My brief internet search had told me that the Appomattox Court House was a national park at the site of the surrender and that we should start at the Visitor Center down town.  Once in Appomattox we found the old train depot/visitor center where a stately older woman with a thick, classically southern accent answered our questions.  She showed me the map to the national park and provided us the context of the train depot, where northern troops had captured a south-bound train, seizing troops, artillery, food and supplies for the citizens of the southern states.  Near the end of the war, this defeat had a devastating impact.  Southerners were literally starving, with stories of people eating the paste from their wallpaper in desperation.  The battle at the train depot was a crushing blow.

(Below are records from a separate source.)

(* Assume (A1) and (A2) below. For a policy $\pi$, let $W_t^\pi$ be the solution of $$W_t^\pi(s)=\gamma^2w_t(s)+\gamma^2\sum_{a,s'}\pi(a\mid s)\bar p_t(s'\mid s,a)W_t^\pi(s'),\qquad w_t(s)=\mathbb{V}_{p\sim\Phi_t}\Big[\sum_{a,s'}\pi(a\mid s)p(s'\mid s,a)\bar V^\pi_t(s')\Big].$$ Then for every $s\in\mathcal S$, $W_t^\pi(s)\ge U_t^\pi(s)$, where $U_t^\pi(s)=\mathbb{V}_{p\sim\Phi_t}\big[V^{\pi,p}(s)\big]$.
   Context: Let $\mathcal S$ be a finite state space, $\mathcal A$ a finite action space, $r:\mathcal S\times\mathcal A\to\mathbb R$ a known bounded (deterministic) reward function and $\gamma\in[0,1)$ a discount factor. A transition function $p$ assigns to each $(s,a)$ a probability distribution $p(\cdot\mid s,a)$ on $\mathcal S$. A policy $\pi$ gives distributions $\pi(\cdot\mid s)$ on $\mathcal A$. For a transition function $p$, the value function is $V^{\pi,p}(s)=\mathbb E\big[\sum_{h\ge 0}\gamma^h r(s_h,a_h)\mid s_0=s\big]$ with $a_h\sim\pi(\cdot\mid s_h)$, $s_{h+1}\sim p(\cdot\mid s_h,a_h)$. The transition function $p$ is a random variable with (posterior) distribution $\Phi_t$. Define $\bar p_t(s'\mid s,a)=\mathbb E_{p\sim\Phi_t}[p(s'\mid s,a)]$ and $\bar V^\pi_t(s)=\mathbb E_{p\sim\Phi_t}[V^{\pi,p}(s)]$. Assumptions: (A1) (independent transitions) $p(s'\mid x,a)$ and $p(s'\mid y,a)$ are independent random variables if $x\neq y$; (A2) (acyclic MDP) the MDP is a directed acyclic graph, i.e., states are not visited more than once in any given episode. *)

theory Defs
  imports "HOL-Probability.Probability"
begin

text \<open>Finite MDP with state type 's and action type 'a (both finite).
  A transition function p is encoded as p s a s' = p(s' | s, a);
  a policy pi as pi s a = pi(a | s); a reward function as r s a.\<close>

definition is_transition :: "('s::finite \<Rightarrow> 'a::finite \<Rightarrow> 's \<Rightarrow> real) \<Rightarrow> bool" where
  "is_transition p \<longleftrightarrow> (\<forall>s a. (\<forall>s'. 0 \<le> p s a s') \<and> (\<Sum>s'\<in>UNIV. p s a s') = 1)"

definition is_policy :: "('s::finite \<Rightarrow> 'a::finite \<Rightarrow> real) \<Rightarrow> bool" where
  "is_policy \<pi> \<longleftrightarrow> (\<forall>s. (\<forall>a. 0 \<le> \<pi> s a) \<and> (\<Sum>a\<in>UNIV. \<pi> s a) = 1)"

fun state_dist :: "('s::finite \<Rightarrow> 'a::finite \<Rightarrow> real) \<Rightarrow> ('s \<Rightarrow> 'a \<Rightarrow> 's \<Rightarrow> real)
    \<Rightarrow> 's \<Rightarrow> nat \<Rightarrow> 's \<Rightarrow> real" where
  "state_dist \<pi> p s 0 = (\<lambda>x. if x = s then 1 else 0)"
| "state_dist \<pi> p s (Suc h) =
     (\<lambda>y. \<Sum>x\<in>UNIV. state_dist \<pi> p s h x * (\<Sum>a\<in>UNIV. \<pi> x a * p x a y))"

text \<open>V^{pi,p}(s) = E[ sum_h gamma^h r(s_h,a_h) | s_0 = s ], the expectation of each
  summand written out via the state distribution at step h.\<close>
definition value_fun :: "real \<Rightarrow> ('s::finite \<Rightarrow> 'a::finite \<Rightarrow> real) \<Rightarrow> ('s \<Rightarrow> 'a \<Rightarrow> real)
    \<Rightarrow> ('s \<Rightarrow> 'a \<Rightarrow> 's \<Rightarrow> real) \<Rightarrow> 's \<Rightarrow> real" where
  "value_fun \<gamma> r \<pi> p s =
     (\<Sum>h. \<gamma> ^ h * (\<Sum>x\<in>UNIV. state_dist \<pi> p s h x * (\<Sum>a\<in>UNIV. \<pi> x a * r x a)))"

definition var_of :: "'w measure \<Rightarrow> ('w \<Rightarrow> real) \<Rightarrow> real" where
  "var_of M X = (\<integral>\<omega>. (X \<omega> - (\<integral>\<omega>'. X \<omega>' \<partial>M))\<^sup>2 \<partial>M)"

definition mean_trans :: "'w measure \<Rightarrow> ('w \<Rightarrow> 's \<Rightarrow> 'a \<Rightarrow> 's \<Rightarrow> real) \<Rightarrow> 's \<Rightarrow> 'a \<Rightarrow> 's \<Rightarrow> real" where
  "mean_trans M P s a s' = (\<integral>\<omega>. P \<omega> s a s' \<partial>M)"

definition mean_value :: "'w measure \<Rightarrow> ('w \<Rightarrow> 's::finite \<Rightarrow> 'a::finite \<Rightarrow> 's \<Rightarrow> real) \<Rightarrow> real
    \<Rightarrow> ('s \<Rightarrow> 'a \<Rightarrow> real) \<Rightarrow> ('s \<Rightarrow> 'a \<Rightarrow> real) \<Rightarrow> 's \<Rightarrow> real" where
  "mean_value M P \<gamma> r \<pi> s = (\<integral>\<omega>. value_fun \<gamma> r \<pi> (P \<omega>) s \<partial>M)"

definition local_unc :: "'w measure \<Rightarrow> ('w \<Rightarrow> 's::finite \<Rightarrow> 'a::finite \<Rightarrow> 's \<Rightarrow> real) \<Rightarrow> real
    \<Rightarrow> ('s \<Rightarrow> 'a \<Rightarrow> real) \<Rightarrow> ('s \<Rightarrow> 'a \<Rightarrow> real) \<Rightarrow> 's \<Rightarrow> real" where
  "local_unc M P \<gamma> r \<pi> s =
     var_of M (\<lambda>\<omega>. \<Sum>a\<in>UNIV. \<Sum>s'\<in>UNIV. \<pi> s a * P \<omega> s a s' * mean_value M P \<gamma> r \<pi> s')"

definition value_var :: "'w measure \<Rightarrow> ('w \<Rightarrow> 's::finite \<Rightarrow> 'a::finite \<Rightarrow> 's \<Rightarrow> real) \<Rightarrow> real
    \<Rightarrow> ('s \<Rightarrow> 'a \<Rightarrow> real) \<Rightarrow> ('s \<Rightarrow> 'a \<Rightarrow> real) \<Rightarrow> 's \<Rightarrow> real" where
  "value_var M P \<gamma> r \<pi> s = var_of M (\<lambda>\<omega>. value_fun \<gamma> r \<pi> (P \<omega>) s)"

text \<open>(A2) Acyclic (episodic) MDP: apart from a set T of terminal states (absorbing, reward 0,
  i.e. the episode has ended), every transition with positive probability strictly decreases
  a fixed rank function rk, so no non-terminal state is visited twice in an episode.\<close>
definition acyclic_mdp :: "'s set \<Rightarrow> ('s \<Rightarrow> nat) \<Rightarrow> ('s \<Rightarrow> 'a \<Rightarrow> real)
    \<Rightarrow> ('s \<Rightarrow> 'a \<Rightarrow> 's \<Rightarrow> real) \<Rightarrow> bool" where
  "acyclic_mdp T rk r p \<longleftrightarrow>
     (\<forall>s a. (s \<in> T \<longrightarrow> r s a = 0 \<and> p s a s = 1) \<and>
            (s \<notin> T \<longrightarrow> (\<forall>s'. 0 < p s a s' \<longrightarrow> rk s' < rk s)))"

The courthouse national park was about ten miles away, through a rather crappy looking area.  Appomattox as a modern town is not my favorite sampling of Americana and apparently grew in a time when we didn’t care too much how things looked.  We saw rather boring and fairly run down strip malls, torn up asphalt patches, and architecture that was far more functional than interesting to look at.  I found the atmosphere rather depressing, especially for an area of Virginia that is usually so beautiful.

But soon enough we spotted the classic Civil War fencing – also known as Shenandoah stack rail – that lines the national parks.  Green grass shone through the fencing, and eventually we saw the brown signs leading us to the courthouse.  We parked in the lower lot and saw the tall, square, brick buildings I associate with the 1860s.  Hilly grass fields surrounded the whole area, and with the buildings spaced far apart, the gentle, natural beauty of the scene was irrepressible.

I had a sudden impression of my father, who loved these Civil War parks.  Like me, my father would drive for a mood-lift, and we often took day trips to destinations like this.  He loved the Civil War parks and taught me the love of history and the life energy held in the stones and trees and buildings. 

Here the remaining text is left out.